> [ABOUT THIS EXERCISE]:
Check each line of the entries for "lambda" and report the ones that have it.

══════════════════════════════

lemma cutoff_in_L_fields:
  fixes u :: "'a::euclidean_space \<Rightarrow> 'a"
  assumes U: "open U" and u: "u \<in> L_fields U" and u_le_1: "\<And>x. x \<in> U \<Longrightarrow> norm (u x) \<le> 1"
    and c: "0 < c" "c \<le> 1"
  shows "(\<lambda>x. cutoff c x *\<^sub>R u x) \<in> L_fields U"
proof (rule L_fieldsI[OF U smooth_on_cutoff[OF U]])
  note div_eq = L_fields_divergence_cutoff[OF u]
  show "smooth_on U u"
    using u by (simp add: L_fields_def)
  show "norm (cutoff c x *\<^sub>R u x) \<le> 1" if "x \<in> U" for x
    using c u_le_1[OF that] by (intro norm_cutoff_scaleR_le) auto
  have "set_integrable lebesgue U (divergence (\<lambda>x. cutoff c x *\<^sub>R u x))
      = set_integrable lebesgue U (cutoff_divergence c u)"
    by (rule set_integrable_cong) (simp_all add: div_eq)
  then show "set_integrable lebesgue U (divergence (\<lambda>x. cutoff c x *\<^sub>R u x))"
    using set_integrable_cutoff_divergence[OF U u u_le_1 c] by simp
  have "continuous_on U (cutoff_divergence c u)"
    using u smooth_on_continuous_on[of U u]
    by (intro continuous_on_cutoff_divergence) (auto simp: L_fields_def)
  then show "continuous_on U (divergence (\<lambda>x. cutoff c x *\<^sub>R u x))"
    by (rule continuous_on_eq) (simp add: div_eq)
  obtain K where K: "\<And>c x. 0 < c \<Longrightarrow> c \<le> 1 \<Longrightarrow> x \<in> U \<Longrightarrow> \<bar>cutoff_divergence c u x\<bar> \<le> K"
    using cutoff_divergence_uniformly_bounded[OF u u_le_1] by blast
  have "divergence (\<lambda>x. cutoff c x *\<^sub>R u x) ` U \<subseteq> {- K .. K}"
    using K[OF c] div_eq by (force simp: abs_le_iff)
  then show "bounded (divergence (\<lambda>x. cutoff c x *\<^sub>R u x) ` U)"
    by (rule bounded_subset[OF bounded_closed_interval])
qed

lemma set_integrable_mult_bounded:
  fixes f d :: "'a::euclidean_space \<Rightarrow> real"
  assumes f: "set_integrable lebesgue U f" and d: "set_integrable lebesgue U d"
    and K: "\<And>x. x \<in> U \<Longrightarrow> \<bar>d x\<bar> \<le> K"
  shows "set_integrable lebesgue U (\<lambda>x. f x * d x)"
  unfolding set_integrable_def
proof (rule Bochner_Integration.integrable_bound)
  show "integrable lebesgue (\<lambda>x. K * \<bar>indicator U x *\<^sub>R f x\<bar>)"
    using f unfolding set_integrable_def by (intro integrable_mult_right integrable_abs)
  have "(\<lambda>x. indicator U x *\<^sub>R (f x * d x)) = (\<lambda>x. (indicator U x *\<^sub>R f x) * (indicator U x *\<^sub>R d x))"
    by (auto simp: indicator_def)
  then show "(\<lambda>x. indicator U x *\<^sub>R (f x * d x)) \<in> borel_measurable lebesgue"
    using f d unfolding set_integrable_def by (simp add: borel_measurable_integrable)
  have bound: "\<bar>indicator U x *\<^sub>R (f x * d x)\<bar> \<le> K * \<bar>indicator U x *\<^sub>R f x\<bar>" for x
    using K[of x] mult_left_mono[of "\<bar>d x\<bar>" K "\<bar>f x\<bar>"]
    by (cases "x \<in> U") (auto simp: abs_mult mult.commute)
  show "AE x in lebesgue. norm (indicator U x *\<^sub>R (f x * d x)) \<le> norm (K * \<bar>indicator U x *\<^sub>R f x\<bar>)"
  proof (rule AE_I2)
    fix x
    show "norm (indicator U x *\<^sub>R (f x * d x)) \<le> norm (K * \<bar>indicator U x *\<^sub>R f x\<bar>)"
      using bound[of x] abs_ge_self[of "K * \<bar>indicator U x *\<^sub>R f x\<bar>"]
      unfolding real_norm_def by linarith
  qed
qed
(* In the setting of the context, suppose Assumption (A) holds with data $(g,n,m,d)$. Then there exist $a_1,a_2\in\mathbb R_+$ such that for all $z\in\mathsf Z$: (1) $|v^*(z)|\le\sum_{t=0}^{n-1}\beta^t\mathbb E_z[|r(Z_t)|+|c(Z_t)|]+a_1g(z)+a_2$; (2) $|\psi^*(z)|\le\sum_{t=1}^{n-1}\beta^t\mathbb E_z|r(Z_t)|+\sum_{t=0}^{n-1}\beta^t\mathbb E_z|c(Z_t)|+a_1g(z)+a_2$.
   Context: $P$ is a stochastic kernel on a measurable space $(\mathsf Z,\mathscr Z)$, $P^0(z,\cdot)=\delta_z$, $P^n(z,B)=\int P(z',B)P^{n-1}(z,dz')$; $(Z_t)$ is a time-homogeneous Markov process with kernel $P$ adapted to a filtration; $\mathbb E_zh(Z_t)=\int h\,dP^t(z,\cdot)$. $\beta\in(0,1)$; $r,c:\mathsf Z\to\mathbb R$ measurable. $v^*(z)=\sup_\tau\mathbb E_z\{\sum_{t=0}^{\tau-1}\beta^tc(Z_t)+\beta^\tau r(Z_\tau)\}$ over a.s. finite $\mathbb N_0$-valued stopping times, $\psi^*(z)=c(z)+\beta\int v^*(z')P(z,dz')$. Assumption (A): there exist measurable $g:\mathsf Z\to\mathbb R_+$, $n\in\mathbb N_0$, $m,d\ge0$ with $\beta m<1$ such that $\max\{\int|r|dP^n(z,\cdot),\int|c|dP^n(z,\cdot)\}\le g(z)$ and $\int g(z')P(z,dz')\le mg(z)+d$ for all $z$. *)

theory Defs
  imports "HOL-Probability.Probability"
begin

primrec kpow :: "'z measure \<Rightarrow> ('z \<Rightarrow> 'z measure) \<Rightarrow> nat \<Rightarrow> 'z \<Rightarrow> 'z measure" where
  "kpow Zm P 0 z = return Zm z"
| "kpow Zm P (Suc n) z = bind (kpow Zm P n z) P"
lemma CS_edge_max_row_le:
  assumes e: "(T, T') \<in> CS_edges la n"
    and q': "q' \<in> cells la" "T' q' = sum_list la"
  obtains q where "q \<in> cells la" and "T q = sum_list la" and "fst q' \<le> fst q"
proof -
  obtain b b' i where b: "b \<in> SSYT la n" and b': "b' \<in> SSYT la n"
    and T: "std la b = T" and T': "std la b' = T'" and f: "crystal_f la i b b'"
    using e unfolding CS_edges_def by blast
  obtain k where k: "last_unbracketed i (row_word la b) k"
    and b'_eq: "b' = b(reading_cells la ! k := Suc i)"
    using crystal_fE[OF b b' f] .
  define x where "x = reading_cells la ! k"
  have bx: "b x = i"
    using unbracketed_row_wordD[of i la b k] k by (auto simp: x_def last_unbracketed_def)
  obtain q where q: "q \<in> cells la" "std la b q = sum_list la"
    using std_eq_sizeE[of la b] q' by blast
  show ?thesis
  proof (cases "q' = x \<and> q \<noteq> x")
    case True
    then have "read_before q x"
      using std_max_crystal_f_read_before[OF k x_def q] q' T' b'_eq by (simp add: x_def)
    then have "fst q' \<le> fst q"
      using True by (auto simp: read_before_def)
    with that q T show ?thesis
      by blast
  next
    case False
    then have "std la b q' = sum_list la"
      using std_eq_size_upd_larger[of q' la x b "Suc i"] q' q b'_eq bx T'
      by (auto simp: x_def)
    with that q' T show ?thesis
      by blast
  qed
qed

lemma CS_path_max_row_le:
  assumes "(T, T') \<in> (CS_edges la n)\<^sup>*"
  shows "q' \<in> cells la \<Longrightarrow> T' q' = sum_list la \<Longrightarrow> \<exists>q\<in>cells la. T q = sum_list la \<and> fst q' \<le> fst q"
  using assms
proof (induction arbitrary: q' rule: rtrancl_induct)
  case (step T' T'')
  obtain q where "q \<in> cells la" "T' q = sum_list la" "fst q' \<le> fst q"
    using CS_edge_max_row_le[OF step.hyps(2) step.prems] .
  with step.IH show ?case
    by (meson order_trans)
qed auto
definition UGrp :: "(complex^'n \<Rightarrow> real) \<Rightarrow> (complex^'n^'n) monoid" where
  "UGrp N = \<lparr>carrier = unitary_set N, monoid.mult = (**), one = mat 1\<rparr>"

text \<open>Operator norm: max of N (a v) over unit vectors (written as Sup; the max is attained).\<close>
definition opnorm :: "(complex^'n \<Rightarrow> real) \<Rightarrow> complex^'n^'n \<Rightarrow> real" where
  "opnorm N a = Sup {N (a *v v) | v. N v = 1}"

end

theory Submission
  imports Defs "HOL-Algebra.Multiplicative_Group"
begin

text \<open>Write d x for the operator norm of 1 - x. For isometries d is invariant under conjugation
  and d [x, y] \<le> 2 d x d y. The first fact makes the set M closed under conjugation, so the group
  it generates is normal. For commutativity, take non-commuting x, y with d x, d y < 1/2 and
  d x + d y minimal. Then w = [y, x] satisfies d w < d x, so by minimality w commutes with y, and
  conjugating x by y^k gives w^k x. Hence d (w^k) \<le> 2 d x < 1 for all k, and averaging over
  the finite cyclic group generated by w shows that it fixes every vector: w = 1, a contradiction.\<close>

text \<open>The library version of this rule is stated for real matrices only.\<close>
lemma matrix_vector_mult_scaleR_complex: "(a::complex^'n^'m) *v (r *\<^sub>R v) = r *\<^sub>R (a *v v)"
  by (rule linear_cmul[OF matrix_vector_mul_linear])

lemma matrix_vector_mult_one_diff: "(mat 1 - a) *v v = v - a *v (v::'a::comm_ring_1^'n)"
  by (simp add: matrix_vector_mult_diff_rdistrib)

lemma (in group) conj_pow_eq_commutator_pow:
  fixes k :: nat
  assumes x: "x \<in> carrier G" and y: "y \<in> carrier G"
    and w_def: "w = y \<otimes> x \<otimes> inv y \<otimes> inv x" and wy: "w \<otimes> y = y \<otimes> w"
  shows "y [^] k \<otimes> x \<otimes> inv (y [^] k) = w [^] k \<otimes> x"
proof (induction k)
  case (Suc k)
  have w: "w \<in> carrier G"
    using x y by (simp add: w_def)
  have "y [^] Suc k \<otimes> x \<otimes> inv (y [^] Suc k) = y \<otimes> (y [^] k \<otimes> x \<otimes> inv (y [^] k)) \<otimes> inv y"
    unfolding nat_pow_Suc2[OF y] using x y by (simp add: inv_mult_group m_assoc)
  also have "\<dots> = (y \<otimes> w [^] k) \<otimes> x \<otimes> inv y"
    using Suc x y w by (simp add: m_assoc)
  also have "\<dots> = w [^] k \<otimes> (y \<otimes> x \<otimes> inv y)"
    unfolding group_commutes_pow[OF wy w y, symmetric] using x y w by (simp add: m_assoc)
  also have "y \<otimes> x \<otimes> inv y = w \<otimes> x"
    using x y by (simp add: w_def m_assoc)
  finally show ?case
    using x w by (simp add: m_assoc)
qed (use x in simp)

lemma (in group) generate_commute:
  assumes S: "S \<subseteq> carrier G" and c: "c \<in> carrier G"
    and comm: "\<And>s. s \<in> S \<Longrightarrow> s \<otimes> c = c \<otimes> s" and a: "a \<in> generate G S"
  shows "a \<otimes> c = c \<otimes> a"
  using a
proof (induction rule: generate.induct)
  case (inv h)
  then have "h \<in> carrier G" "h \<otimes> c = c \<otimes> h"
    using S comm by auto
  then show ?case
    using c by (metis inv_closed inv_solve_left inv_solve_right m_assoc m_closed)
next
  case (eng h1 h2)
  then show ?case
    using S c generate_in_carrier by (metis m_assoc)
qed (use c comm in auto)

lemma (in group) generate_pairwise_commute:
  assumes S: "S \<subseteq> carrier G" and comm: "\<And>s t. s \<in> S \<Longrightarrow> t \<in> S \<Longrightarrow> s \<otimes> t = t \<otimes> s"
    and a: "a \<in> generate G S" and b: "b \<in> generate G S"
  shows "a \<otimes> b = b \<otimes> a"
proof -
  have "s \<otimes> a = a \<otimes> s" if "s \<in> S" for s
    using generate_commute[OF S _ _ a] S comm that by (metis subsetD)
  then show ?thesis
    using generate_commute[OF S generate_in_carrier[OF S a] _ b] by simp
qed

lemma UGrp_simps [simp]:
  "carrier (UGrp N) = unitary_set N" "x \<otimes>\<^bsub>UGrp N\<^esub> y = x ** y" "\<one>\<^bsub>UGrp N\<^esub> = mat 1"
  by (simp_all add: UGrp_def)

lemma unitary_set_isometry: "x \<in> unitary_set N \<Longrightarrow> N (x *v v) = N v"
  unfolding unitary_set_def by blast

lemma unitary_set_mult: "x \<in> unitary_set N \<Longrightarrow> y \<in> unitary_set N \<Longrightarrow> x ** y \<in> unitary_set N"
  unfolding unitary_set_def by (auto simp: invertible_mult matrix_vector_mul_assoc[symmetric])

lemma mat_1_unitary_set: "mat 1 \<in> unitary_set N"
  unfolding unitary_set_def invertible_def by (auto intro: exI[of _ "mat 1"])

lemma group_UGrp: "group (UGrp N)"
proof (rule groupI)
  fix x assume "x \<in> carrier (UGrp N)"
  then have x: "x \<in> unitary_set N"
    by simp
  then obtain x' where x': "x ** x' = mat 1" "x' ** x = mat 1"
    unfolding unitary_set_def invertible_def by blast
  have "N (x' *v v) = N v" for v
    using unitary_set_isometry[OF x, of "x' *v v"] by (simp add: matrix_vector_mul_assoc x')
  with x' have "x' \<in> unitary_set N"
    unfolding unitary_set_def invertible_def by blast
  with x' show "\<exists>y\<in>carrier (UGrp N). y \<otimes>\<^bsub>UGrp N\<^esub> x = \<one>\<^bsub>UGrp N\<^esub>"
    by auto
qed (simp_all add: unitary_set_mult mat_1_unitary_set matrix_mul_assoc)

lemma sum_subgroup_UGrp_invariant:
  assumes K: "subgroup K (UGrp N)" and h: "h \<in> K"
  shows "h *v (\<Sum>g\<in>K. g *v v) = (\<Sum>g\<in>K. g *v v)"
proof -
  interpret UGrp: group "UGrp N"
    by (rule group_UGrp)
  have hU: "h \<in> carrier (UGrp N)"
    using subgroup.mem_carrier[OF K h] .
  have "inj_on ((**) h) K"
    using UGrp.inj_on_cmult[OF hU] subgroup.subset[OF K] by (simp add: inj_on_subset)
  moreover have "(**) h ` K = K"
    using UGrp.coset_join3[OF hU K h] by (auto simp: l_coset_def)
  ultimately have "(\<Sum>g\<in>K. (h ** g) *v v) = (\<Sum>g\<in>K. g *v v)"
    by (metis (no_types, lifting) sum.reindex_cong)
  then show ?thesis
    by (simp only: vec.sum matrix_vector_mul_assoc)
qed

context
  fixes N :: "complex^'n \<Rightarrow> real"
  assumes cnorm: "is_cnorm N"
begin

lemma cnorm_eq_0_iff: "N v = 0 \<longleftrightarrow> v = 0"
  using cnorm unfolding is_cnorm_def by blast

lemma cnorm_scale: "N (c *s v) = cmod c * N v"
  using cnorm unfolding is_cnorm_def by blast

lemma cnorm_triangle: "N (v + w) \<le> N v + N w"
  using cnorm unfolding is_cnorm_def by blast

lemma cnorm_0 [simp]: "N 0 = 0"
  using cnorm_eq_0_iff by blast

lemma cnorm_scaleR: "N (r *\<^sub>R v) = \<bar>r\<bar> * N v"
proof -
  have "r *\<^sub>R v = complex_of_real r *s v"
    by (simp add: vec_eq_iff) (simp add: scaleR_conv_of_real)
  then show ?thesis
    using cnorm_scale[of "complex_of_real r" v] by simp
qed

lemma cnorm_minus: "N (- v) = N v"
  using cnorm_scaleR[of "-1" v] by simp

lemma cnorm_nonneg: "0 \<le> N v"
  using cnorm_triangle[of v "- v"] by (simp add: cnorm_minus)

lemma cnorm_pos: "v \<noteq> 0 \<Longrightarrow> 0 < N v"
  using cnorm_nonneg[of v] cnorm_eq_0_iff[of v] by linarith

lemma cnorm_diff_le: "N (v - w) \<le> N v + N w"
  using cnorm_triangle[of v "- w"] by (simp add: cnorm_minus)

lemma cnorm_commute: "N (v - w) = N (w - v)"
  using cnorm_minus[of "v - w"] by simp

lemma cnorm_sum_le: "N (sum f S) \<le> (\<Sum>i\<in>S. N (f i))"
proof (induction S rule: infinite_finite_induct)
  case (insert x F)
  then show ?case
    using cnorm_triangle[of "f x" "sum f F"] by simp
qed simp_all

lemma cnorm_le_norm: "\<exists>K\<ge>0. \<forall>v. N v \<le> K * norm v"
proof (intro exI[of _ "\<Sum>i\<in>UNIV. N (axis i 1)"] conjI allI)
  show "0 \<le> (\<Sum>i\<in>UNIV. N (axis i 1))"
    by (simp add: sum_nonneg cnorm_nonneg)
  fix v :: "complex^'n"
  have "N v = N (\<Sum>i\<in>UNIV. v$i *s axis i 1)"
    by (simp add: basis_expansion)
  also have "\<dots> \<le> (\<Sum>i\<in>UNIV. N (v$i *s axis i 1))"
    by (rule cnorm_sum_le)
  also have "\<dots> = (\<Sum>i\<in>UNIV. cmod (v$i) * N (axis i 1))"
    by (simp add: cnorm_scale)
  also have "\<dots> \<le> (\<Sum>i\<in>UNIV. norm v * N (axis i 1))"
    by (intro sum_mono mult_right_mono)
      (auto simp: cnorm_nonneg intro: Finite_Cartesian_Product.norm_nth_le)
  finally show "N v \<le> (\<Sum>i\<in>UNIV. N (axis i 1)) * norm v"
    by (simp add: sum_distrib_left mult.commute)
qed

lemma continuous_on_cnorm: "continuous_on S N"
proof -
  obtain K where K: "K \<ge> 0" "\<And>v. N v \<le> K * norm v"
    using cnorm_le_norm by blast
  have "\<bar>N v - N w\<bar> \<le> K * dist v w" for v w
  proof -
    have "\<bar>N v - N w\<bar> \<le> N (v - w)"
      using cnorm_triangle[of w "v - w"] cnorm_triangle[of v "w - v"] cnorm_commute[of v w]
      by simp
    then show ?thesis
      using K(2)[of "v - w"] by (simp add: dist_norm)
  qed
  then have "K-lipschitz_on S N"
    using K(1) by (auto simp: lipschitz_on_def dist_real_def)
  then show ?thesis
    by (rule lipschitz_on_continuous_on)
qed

══════════════════════════════

> [THE ANSWER]:
  shows "(\<lambda>x. cutoff c x *\<^sub>R u x) \<in> L_fields U"
  have "set_integrable lebesgue U (divergence (\<lambda>x. cutoff c x *\<^sub>R u x))
  then show "set_integrable lebesgue U (divergence (\<lambda>x. cutoff c x *\<^sub>R u x))"
  then show "continuous_on U (divergence (\<lambda>x. cutoff c x *\<^sub>R u x))"
  have "divergence (\<lambda>x. cutoff c x *\<^sub>R u x) ` U \<subseteq> {- K .. K}"
  then show "bounded (divergence (\<lambda>x. cutoff c x *\<^sub>R u x) ` U)"
  shows "set_integrable lebesgue U (\<lambda>x. f x * d x)"
  show "integrable lebesgue (\<lambda>x. K * \<bar>indicator U x *\<^sub>R f x\<bar>)"
  have "(\<lambda>x. indicator U x *\<^sub>R (f x * d x)) = (\<lambda>x. (indicator U x *\<^sub>R f x) * (indicator U x *\<^sub>R d x))"
  then show "(\<lambda>x. indicator U x *\<^sub>R (f x * d x)) \<in> borel_measurable lebesgue"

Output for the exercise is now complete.